GIC is a leader in private markets. It has eight separate investment teams below the asset allocation level, half of them in private markets, with a team each for private equity, infrastructure, real estate and external fund managers, the Cerulli report said.

Singapore state-owned investor Temasek has also been growing its private market assets, which accounted for 53% of its portfolio at the end of March 2023.

Over the past decade, its unlisted portfolio generated returns of over 10% annually, delivering higher returns than that of its listed portfolio.

While GIC and Temasek have strong in-house capabilities to invest in unlisted assets, investment managers that can find niche alpha ideas still stand a reasonable chance of obtaining new mandates from these entities, the Cerulli report said.

Asset owners across the region have been issuing mandates. 
Image credit: Shutterstock


Private assets, nevertheless, were in a slowdown in the first half of 2023 in terms of fundraising, investment activity and valuations.

This slowdown could deepen during the second half of the year in the case of recession, which remains a risk, Nils Rode, chief investment officer for private assets at Schroders said in a July note.

In the first quarter of 2023, infrastructure fund-raising experienced a significant correction of almost 90% from the previous year, according to Preqin.

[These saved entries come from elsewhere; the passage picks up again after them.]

(* Let $d\ge1$, $D>0$, $\sigma\ge0$, $\alpha\in[0,1)$, $\rho>0$. Let $w^*\in\mathbb{R}^d$ with $\|w^*\|\le D$, and let $(x,\epsilon,b)$ be mutually independent random variables with $x\in\mathbb{R}^d$, $\|x\|\le1$ a.s., $\Sigma:=\mathbb{E}[(x-\mathbb{E}x)(x-\mathbb{E}x)^T]\succeq\rho I$, $\epsilon\in\mathbb{R}$, $|\epsilon|\le\sigma$ a.s., $\mathbb{E}\epsilon=0$, $b\in\mathbb{R}$, $\mathbb{P}(b\ne0)=\alpha$. Let $v,q\in\mathbb{R}^d$ with $\|v\|,\|q\|\le1$, let $R=6D+\sigma$, and define $$G_R(w):=\mathbb{E}_{x,\epsilon,b}\big[h_R(\langle w-w^*,x-v\rangle-\langle w^*,q\rangle-\epsilon-b)\big].$$ Then $G_R$ is $(1-\alpha)\rho$-strongly convex on $\mathcal W$. Furthermore, if $v=\mathbb{E}[x]$, then $w^*=\arg\min_{w\in\mathcal W}G_R(w)$.
   Context: $\mathcal W=\{w\in\mathbb{R}^d:\|w\|\le D\}$. The Huber loss is $h_R(s)=\frac12s^2$ if $|s|\le R$ and $h_R(s)=R(|s|-\frac12R)$ otherwise. A function $f$ is $\lambda$-strongly convex on a convex set $\mathcal W$ if $w\mapsto f(w)-\frac\lambda2\|w\|^2$ is convex on $\mathcal W$. *)

theory Defs
  imports "HOL-Probability.Probability"
begin

definition huber :: "real \<Rightarrow> real \<Rightarrow> real" where
  "huber R s = (if \<bar>s\<bar> \<le> R then s\<^sup>2 / 2 else R * (\<bar>s\<bar> - R / 2))"

definition strongly_convex_on :: "'a::real_normed_vector set \<Rightarrow> real \<Rightarrow> ('a \<Rightarrow> real) \<Rightarrow> bool" where
  "strongly_convex_on W lam f \<longleftrightarrow> convex_on W (\<lambda>w. f w - lam / 2 * (norm w)\<^sup>2)"

definition mutually_indep3 ::
  "'s measure \<Rightarrow> ('s \<Rightarrow> 'a::topological_space) \<Rightarrow> ('s \<Rightarrow> 'b::topological_space)
     \<Rightarrow> ('s \<Rightarrow> 'c::topological_space) \<Rightarrow> bool" where
  "mutually_indep3 M X Y Z \<longleftrightarrow>
     (\<forall>A\<in>sets borel. \<forall>B\<in>sets borel. \<forall>C\<in>sets borel.
        measure M {\<omega>\<in>space M. X \<omega> \<in> A \<and> Y \<omega> \<in> B \<and> Z \<omega> \<in> C}
        = measure M {\<omega>\<in>space M. X \<omega> \<in> A} * measure M {\<omega>\<in>space M. Y \<omega> \<in> B}
          * measure M {\<omega>\<in>space M. Z \<omega> \<in> C})"
lemma cspectrum_JF:
  "cspectrum (JF m E w) = {complex_of_real (dL m E i w) | i. i < m \<and> i \<notin> S} \<union> cspectrum principal.B"
proof -
  let ?A = "map_mat complex_of_real (JF m E w)"
  have A: "?A \<in> carrier_mat m m"
    using JF_carrier by simp
  have sparse: "?A $$ (i, j) = 0" if "i < m" "j < m" "i \<notin> S" "j \<noteq> i" for i j
    using that JF_carrier by (simp add: JF_index_outside)
  have diagonal: "?A $$ (i, i) = of_real (dL m E i w)" if "i < m" "i \<notin> S" for i
    using that JF_carrier by (simp add: JF_index_outside)
  have sub: "submatrix ?A S S = map_mat complex_of_real principal.B"
    using map_mat_submatrix[OF JF_carrier S_sub, of complex_of_real] by (simp add: submatrix_JF)
  have "eigenvalue ?A z \<longleftrightarrow> (\<exists>i<m. i \<notin> S \<and> z = of_real (dL m E i w))
      \<or> eigenvalue (map_mat complex_of_real principal.B) z" for z
    using eigenvalue_iff_sparse_rows_or_principal_submatrix[OF A S_sub sparse, of z] sub diagonal
    by auto
  then show ?thesis
    unfolding cspectrum_def spectrum_def by blast
qed

lemma positive_real_eigenvalue_iff:
  "(\<exists>r::real. 0 < r \<and> complex_of_real r \<in> cspectrum (JF m E w)) \<longleftrightarrow> (\<exists>i<m. w i = 0 \<and> dL m E i w > 0)"
  using cspectrum_JF principal.cspectrum_B_nonpos_real w_eq_0_iff by fastforce

end

theorem mainTheorem7:
  fixes m :: nat and E :: "nat set set" and c :: real and S :: "nat set" and w :: "nat \<Rightarrow> real"
  assumes E_ne: "E \<noteq> {}"
    and E_edges: "\<forall>I\<in>E. I \<noteq> {} \<and> I \<subseteq> {..<m}"
    and E_cover: "\<forall>i<m. \<exists>I\<in>E. i \<in> I"
    and c_pos: "0 < c" and c_lt: "c < 1 / real (card E)"
    and S_sub: "S \<subseteq> {..<m}"
    and w_in: "w \<in> Lambda_S m E c S"
  shows "(\<forall>z\<in>cspectrum (JF m E w).
            (\<exists>i<m. i \<notin> S \<and> z = complex_of_real (dL m E i w))
            \<or> (Im z = 0 \<and> Re z \<le> 0))
       \<and> (\<exists>B P. B \<in> carrier_mat (card S) (card S)
            \<and> is_inner_product_mat (card S) P
            \<and> self_adjoint_wrt (card S) P B
            \<and> neg_semidef_wrt (card S) P B
            \<and> cspectrum (JF m E w) =
                 {complex_of_real (dL m E i w) | i. i < m \<and> i \<notin> S} \<union> cspectrum B)
       \<and> ((\<exists>r::real. 0 < r \<and> complex_of_real r \<in> cspectrum (JF m E w))
            \<longleftrightarrow> (\<exists>i<m. w i = 0 \<and> dL m E i w > 0))"
proof -
  interpret hypergraph_critical_point m E c S w
    using E_edges c_pos S_sub w_in by unfold_locales auto
  show ?thesis
  proof (intro conjI)
    show "\<forall>z\<in>cspectrum (JF m E w).
        (\<exists>i<m. i \<notin> S \<and> z = complex_of_real (dL m E i w)) \<or> (Im z = 0 \<and> Re z \<le> 0)"
      using cspectrum_JF principal.cspectrum_B_nonpos_real by blast
    show "\<exists>B P. B \<in> carrier_mat (card S) (card S) \<and> is_inner_product_mat (card S) P
        \<and> self_adjoint_wrt (card S) P B \<and> neg_semidef_wrt (card S) P B
        \<and> cspectrum (JF m E w) = {complex_of_real (dL m E i w) | i. i < m \<and> i \<notin> S} \<union> cspectrum B"
      using principal.B_carrier principal.P_inner_product principal.B_self_adjoint
        principal.B_neg_semidef cspectrum_JF by blast
  qed (rule positive_real_eigenvalue_iff)
qed

end
lemma prod_lessThan_collapsing:
  assumes "is_collapsing I J a Cs"
  shows "(\<Prod>j<J. f j) = (\<Prod>C\<in>Cs. \<Prod>j\<in>C. f j)"
proof -
  have finite: "\<forall>C\<in>Cs. finite C"
    using collapsing_category_subset[OF assms] finite_subset by blast
  have disjoint: "\<forall>C1\<in>Cs. \<forall>C2\<in>Cs. C1 \<noteq> C2 \<longrightarrow> C1 \<inter> C2 = {}"
    and union: "\<Union>Cs = {..<J}"
    using assms unfolding is_collapsing_def by auto
  show ?thesis
    using prod.Union_disjoint[OF finite disjoint, of f] by (simp only: union comp_def)
qed

lemma prod_power_dotp_proportional:
  assumes "\<forall>j\<in>C. \<forall>i<I. a i j = c j * a i k"
  shows "(\<Prod>j\<in>C. dotp I \<theta> a j ^ n j) = (\<Prod>j\<in>C. c j ^ n j) * dotp I \<theta> a k ^ (\<Sum>j\<in>C. n j)"
proof -
  have "dotp I \<theta> a j = c j * dotp I \<theta> a k" if "j \<in> C" for j
    using assms that by (simp add: dotp_proportional)
  then have "(\<Prod>j\<in>C. dotp I \<theta> a j ^ n j) = (\<Prod>j\<in>C. c j ^ n j * dotp I \<theta> a k ^ n j)"
    by (intro prod.cong) (simp_all add: power_mult_distrib)
  then show ?thesis by (simp add: prod.distrib power_sum)
qed

lemma rate_monomial_cross_eq_if_collapsed_stat_eq:
  assumes "is_collapsing I J a Cs" "collapsed_stat Cs x = collapsed_stat Cs y"
  shows "rate_monomial I J a \<theta> x * rate_monomial I J a \<theta>' y =
    rate_monomial I J a \<theta>' x * rate_monomial I J a \<theta> y"
proof -
  let ?P = "\<lambda>C \<theta> n. \<Prod>j\<in>C. dotp I \<theta> a j ^ n j"
  have category_eq: "?P C \<theta> x * ?P C \<theta>' y = ?P C \<theta>' x * ?P C \<theta> y" if C: "C \<in> Cs" for C
  proof -
    obtain k c where "k \<in> C" "\<forall>j\<in>C. c j > 0 \<and> (\<forall>i<I. a i j = c j * a i k)"
      by (rule collapsing_categoryE[OF assms(1) C])
    then have proportional: "\<forall>j\<in>C. \<forall>i<I. a i j = c j * a i k" by blast
    have "(\<Sum>j\<in>C. x j) = (\<Sum>j\<in>C. y j)"
      using C fun_cong[OF assms(2), of C] by (simp add: collapsed_stat_def)
    then show ?thesis
      by (simp only: prod_power_dotp_proportional[OF proportional]) (simp add: mult_ac)
  qed
  have "rate_monomial I J a \<theta> x * rate_monomial I J a \<theta>' y = (\<Prod>C\<in>Cs. ?P C \<theta> x * ?P C \<theta>' y)"
    by (simp add: rate_monomial_def prod_lessThan_collapsing[OF assms(1)] prod.distrib)
  also have "\<dots> = (\<Prod>C\<in>Cs. ?P C \<theta>' x * ?P C \<theta> y)"
    using category_eq by (rule prod.cong[OF refl])
  also have "\<dots> = rate_monomial I J a \<theta>' x * rate_monomial I J a \<theta> y"
    by (simp add: rate_monomial_def prod_lessThan_collapsing[OF assms(1)] prod.distrib)
  finally show ?thesis .
qed

lemma rate_monomial_on_line:
  "rate_monomial I J a (\<lambda>i. \<theta> i + t * q i) n =
     poly (\<Prod>j<J. [:dotp I \<theta> a j, dotp I q a j:] ^ n j) t"
  by (simp add: rate_monomial_def dotp_def poly_prod algebra_simps sum.distrib sum_distrib_left)

text \<open>The direction \<open>q\<close> is chosen so that \<open>q\<cdot>a\<^sub>k \<noteq> 0\<close> and \<open>q\<cdot>w\<^sub>j \<noteq> 0\<close> for
  \<open>w\<^sub>j = (1\<cdot>a\<^sub>j) a\<^sub>k - (1\<cdot>a\<^sub>k) a\<^sub>j\<close>, \<open>j \<notin> C\<close>; maximality is exactly what makes these
  \<open>w\<^sub>j\<close> nonzero.\<close>

lemma line_crosses_only_category_hyperplanes:
  assumes nonneg: "\<forall>i<I. \<forall>j<J. a i j \<ge> 0" and nonzero: "\<forall>j<J. \<exists>i<I. a i j \<noteq> 0"
    and max: "is_maximal_collapsing I J a Cs" and C: "C \<in> Cs"
  obtains q t0 where "\<forall>i. q i > 0"
    "\<And>j. j < J \<Longrightarrow>
       (dotp I q a j \<noteq> 0 \<and> dotp I (\<lambda>_. 1) a j + t0 * dotp I q a j = 0) \<longleftrightarrow> j \<in> C"
proof -
  have coll: "is_collapsing I J a Cs" using max by (rule maximal_collapsing_is_collapsing)
  obtain k c where k: "k \<in> C" and c: "\<forall>j\<in>C. c j > 0 \<and> (\<forall>i<I. a i j = c j * a i k)"
    by (rule collapsing_categoryE[OF coll C])
  have k_less: "k < J" using collapsing_category_subset[OF coll C] k by blast
  define al where "al j = dotp I (\<lambda>_. 1) a j" for j
  have al_pos: "al j > 0" if "j < J" for j
    unfolding al_def using nonneg nonzero that by (intro dotp_pos) auto
  define w where "w j = (\<lambda>i. al j * a i k - al k * a i j)" for j
  have w_nonzero: "\<exists>i<I. w j i \<noteq> 0" if j: "j < J" "j \<notin> C" for j
  proof (rule ccontr)
    assume "\<not> (\<exists>i<I. w j i \<noteq> 0)"
    then have "\<forall>i<I. a i j = (al j / al k) * a i k"
      using al_pos[OF k_less] by (auto simp: w_def field_simps)
    then have "pos_multiple I a j k"
      unfolding pos_multiple_def using al_pos[OF k_less] al_pos[OF j(1)]
      by (intro exI[of _ "al j / al k"]) auto
    moreover obtain C' where "C' \<in> Cs" "j \<in> C'"
      using collapsing_covers[OF coll j(1)] by blast
    ultimately show False
      using maximal_collapsing_not_pos_multiple[OF max _ C, of C' j k] k j(2) by blast
  qed
  define W where "W = insert (\<lambda>i. a i k) (w ` ({..<J} - C))"
  have "finite W" by (simp add: W_def)
  moreover have "\<forall>v\<in>W. \<exists>i<I. v i \<noteq> 0"
    using nonzero k_less w_nonzero by (auto simp: W_def)
  ultimately obtain q where q_pos: "\<forall>i. q i > 0" and q_avoids: "\<forall>v\<in>W. (\<Sum>i<I. q i * v i) \<noteq> 0"
    by (rule positive_vector_avoiding_hyperplanes)
  define be where "be j = dotp I q a j" for j
  have be_k: "be k \<noteq> 0" using q_avoids by (simp add: W_def be_def dotp_def)
  have w_avoided: "al j * be k \<noteq> al k * be j" if "j < J" "j \<notin> C" for j
  proof -
    have "(\<Sum>i<I. q i * w j i) = al j * be k - al k * be j"
      by (simp add: w_def be_def dotp_def algebra_simps sum_subtractf sum_distrib_left)
    then show ?thesis using q_avoids that by (auto simp: W_def)
  qed
  define t0 where "t0 = - al k / be k"
  have "(be j \<noteq> 0 \<and> al j + t0 * be j = 0) \<longleftrightarrow> j \<in> C" if "j < J" for j
  proof (cases "j \<in> C")
    case True
    then have "al j = c j * al k" "be j = c j * be k"
      using c unfolding al_def be_def by (simp_all add: dotp_proportional)
    moreover have "c j > 0" using c True by blast
    ultimately show ?thesis using True be_k by (simp add: t0_def field_simps)
  next
    case False
    have "al j + t0 * be j \<noteq> 0"
    proof
      assume "al j + t0 * be j = 0"
      then have "al j * be k = al k * be j" using be_k by (simp add: t0_def field_simps)
      then show False using w_avoided[OF that False] by simp
    qed
    then show ?thesis using False by simp
  qed
  then show ?thesis using that[of q t0] q_pos unfolding al_def be_def by blast
qed

lemma collapsed_stat_eq_if_rate_monomial_cross_eq:
  assumes nonneg: "\<forall>i<I. \<forall>j<J. a i j \<ge> 0" and nonzero: "\<forall>j<J. \<exists>i<I. a i j \<noteq> 0"
    and max: "is_maximal_collapsing I J a Cs"
    and cross: "\<forall>\<theta>. (\<forall>i<I. \<theta> i > 0) \<longrightarrow>
      rate_monomial I J a \<theta> x * rate_monomial I J a (\<lambda>_. 1) y =
      rate_monomial I J a (\<lambda>_. 1) x * rate_monomial I J a \<theta> y"
  shows "collapsed_stat Cs x = collapsed_stat Cs y"
proof
  fix C
  show "collapsed_stat Cs x C = collapsed_stat Cs y C"
  proof (cases "C \<in> Cs")
    case False
    then show ?thesis by (simp add: collapsed_stat_def)
  next
    case C: True
    have C_subset: "C \<subseteq> {..<J}"
      using collapsing_category_subset[OF maximal_collapsing_is_collapsing[OF max] C] .
    obtain q t0 where q_pos: "\<forall>i. q i > 0" and crossing:
      "\<And>j. j < J \<Longrightarrow>
         (dotp I q a j \<noteq> 0 \<and> dotp I (\<lambda>_. 1) a j + t0 * dotp I q a j = 0) \<longleftrightarrow> j \<in> C"
      using line_crosses_only_category_hyperplanes[OF nonneg nonzero max C] by blast
    define L where "L j = [:dotp I (\<lambda>_. 1) a j, dotp I q a j:]" for j
    define P where "P n = (\<Prod>j<J. L j ^ n j)" for n :: "nat \<Rightarrow> nat"
    define M1 where "M1 n = rate_monomial I J a (\<lambda>_. 1) n" for n
    have M1_pos: "M1 n > 0" for n
      unfolding M1_def using nonneg nonzero by (intro rate_monomial_pos) auto
    have "poly (smult (M1 y) (P x)) t = poly (smult (M1 x) (P y)) t" if "t \<ge> 0" for t
    proof -
      have "\<forall>i<I. 1 + t * q i > 0"
        using q_pos that by (metis add_pos_nonneg less_imp_le mult_nonneg_nonneg zero_less_one)
      then show ?thesis
        using cross[rule_format, of "\<lambda>i. 1 + t * q i"] rate_monomial_on_line[of I J a "\<lambda>_. 1" t q]
        by (simp add: P_def L_def M1_def mult.commute)
    qed
    then have "smult (M1 y) (P x) = smult (M1 x) (P y)"
      by (intro poly_eq_if_agree_on_infinite[of "{0..}"]) (auto simp: infinite_Ici)
    then have "order t0 (P x) = order t0 (P y)"
      using M1_pos by (metis order_smult less_irrefl)
    moreover have "order t0 (P n) = (\<Sum>j\<in>C. n j)" for n
    proof -
      have L_nonzero: "L j \<noteq> 0" if "j < J" for j
        using dotp_pos[of I "\<lambda>_. 1" a j] nonneg nonzero that by (auto simp: L_def)
      then have "order t0 (P n) = (\<Sum>j<J. n j * order t0 (L j))"
        unfolding P_def by (intro order_prod_power) simp
      also have "\<dots> = (\<Sum>j<J. if j \<in> C then n j else 0)"
        using L_nonzero by (intro sum.cong) (simp_all add: order_linear crossing L_def)
      also have "\<dots> = (\<Sum>j\<in>C. n j)"
        using C_subset by (simp add: sum.inter_restrict[symmetric] Int_absorb1)
      finally show ?thesis .
    qed
    ultimately show ?thesis using C by (simp add: collapsed_stat_def)
  qed
qed

lemma rate_monomial_cross_eq_iff_collapsed_stat_eq:
  assumes "\<forall>i<I. \<forall>j<J. a i j \<ge> 0" "\<forall>j<J. \<exists>i<I. a i j \<noteq> 0"
    and "is_maximal_collapsing I J a Cs"
  shows "(\<forall>\<theta>. (\<forall>i<I. \<theta> i > 0) \<longrightarrow>
      rate_monomial I J a \<theta> x * rate_monomial I J a (\<lambda>_. 1) y =
      rate_monomial I J a (\<lambda>_. 1) x * rate_monomial I J a \<theta> y)
    \<longleftrightarrow> collapsed_stat Cs x = collapsed_stat Cs y"
  using collapsed_stat_eq_if_rate_monomial_cross_eq[OF assms]
    rate_monomial_cross_eq_if_collapsed_stat_eq[OF maximal_collapsing_is_collapsing[OF assms(3)]]
  by blast
lemma supported_level_subset:
  assumes "linear_subspace C" "\<And>n. U n r \<subseteq> C"
  shows "supported_on (level r) \<subseteq> C"
  using assms
proof (induction r arbitrary: C)
  case 0
  have "supported_on (level 0) \<subseteq> U 0 0" by (auto simp: U_diag mem_Udiag_iff)
  with "0.prems"(2)[of 0] show ?case by blast
next
  case (Suc m)
  show ?case
  proof
    fix f assume f: "f \<in> supported_on (level (Suc m))"
    define g where "g u = Hstar f u / of_nat (d m)" for u
    define h where "h v = f v - H g v" for v
    have g: "g \<in> supported_on (level m)"
      using Hstar_supported[OF f] by (auto simp: g_def supported_on_def)
    have "U n m \<subseteq> {x. H x \<in> C}" for n
      using H_U Suc.prems(2) by blast
    then have "supported_on (level m) \<subseteq> {x. H x \<in> C}"
      by (intro Suc.IH linear_subspace_vimage[OF Suc.prems(1) H_zero H_add H_scale])
    then have "H g \<in> C" using g by blast
    have Hstar_h: "Hstar h u = 0" for u
    proof -
      have "Hstar h u = Hstar f u - Hstar (H g) u"
        unfolding h_def Hstar_def by (rule sum_subtractf)
      also have "\<dots> = Hstar f u - of_nat (d (dep u)) * g u"
        by (simp add: Hstar_H)
      finally show ?thesis
        using g Hstar_supported[OF f] degree_pos[of m]
        by (cases "dep u = m") (auto simp: g_def supported_on_def)
    qed
    have "inner_on (level (Suc m)) x h = 0" if x: "x \<in> U k (Suc m)" and k: "k < Suc m" for x k
    proof -
      obtain y where "x = H y" using x k U_Suc[of k m] by auto
      then show ?thesis using inner_on_level_Suc_H[of m y h] by (simp add: inner_on_def Hstar_h)
    qed
    moreover have "h \<in> supported_on (level (Suc m))"
      using f H_supported[OF g] by (auto simp: h_def supported_on_def)
    ultimately have "h \<in> U (Suc m) (Suc m)"
      by (auto simp: U_diag mem_Udiag_iff)
    then have "h \<in> C" using Suc.prems(2) by blast
    have "f = (\<lambda>v. H g v + h v)" by (simp add: h_def)
    with \<open>H g \<in> C\<close> \<open>h \<in> C\<close> show "f \<in> C"
      using linear_subspace_add[OF Suc.prems(1)] by metis
  qed
qed

lemma Hstar_Udiag_Suc:
  assumes "f \<in> Udiag (Suc m)"
  shows "Hstar f = (\<lambda>u. 0)"
proof
  fix u
  show "Hstar f u = 0"
  proof (cases "dep u = m")
    case True
    have "linear_subspace {x. H x \<in> {y. inner_on (level (Suc m)) y f = 0}}"
      by (rule linear_subspace_vimage[OF linear_subspace_inner_on_eq_0 H_zero H_add H_scale])
    then have "linear_subspace {x. inner_on (level (Suc m)) (H x) f = 0}" by simp
    moreover have "U n m \<subseteq> {x. inner_on (level (Suc m)) (H x) f = 0}" for n
      using assms H_U[of _ n m] by (cases "n < Suc m") (auto simp: mem_Udiag_iff U_below H_zero inner_on_def)
    ultimately have "supported_on (level m) \<subseteq> {x. inner_on (level (Suc m)) (H x) f = 0}"
      by (rule supported_level_subset)
    moreover have "indicator {u} \<in> supported_on (level m)"
      using True by (auto simp: supported_on_def indicator_def)
    ultimately have "inner_on (level (Suc m)) (H (indicator {u})) f = 0"
      by blast
    then have "inner_on (level m) (indicator {u}) (Hstar f) = 0"
      by (simp add: inner_on_level_Suc_H)
    with True show ?thesis by (simp add: inner_on_indicator finite_level)
  next
    case False
    with assms show ?thesis
      by (auto simp: Hstar_def mem_Udiag_iff supported_on_def depth_child intro!: sum.neutral)
  qed
qed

However, other asset classes - such as private debt - only declined by 10% over the same period. Private equity buyout fundraising remained unchanged, indicating more stability

“While a general slowdown and the risk of a recession may be concerning, over time they can also create opportunities for new private asset investments. Historically, attractive vintage years have emerged during times of recessions,” said Rode.


The high volatility and steep public market drops of 2022 had also pushed several asset owners to become more inward-looking, but that trend could reverse.

“Pressure to invest locally, due to forex and volatilities in overseas markets, have caused higher tilts towards local investments in the last 18 months in most of the Asia-Pacific region,” said Cho.

Depending on forex movements and interest rates in the second half of 2023, institutional investors may look for more opportunities in the overseas market, she said.

In some instances, the government pushed public entities such as pension funds to invest more locally, where investment and foreign exchange risks can be better controlled.

Case in point: Malaysia’s Employees Provident Fund was asked by the Anwar Ibrahim government earlier this year to increase local investments to 70% of its portfolio. Currently, overseas investments account for about 37% of total portfolio.

One expert told AsianInvestor that such government directives to invest locally could negatively impact the $217 billion pension fund’s returns and that investment decisions should be left to EPF.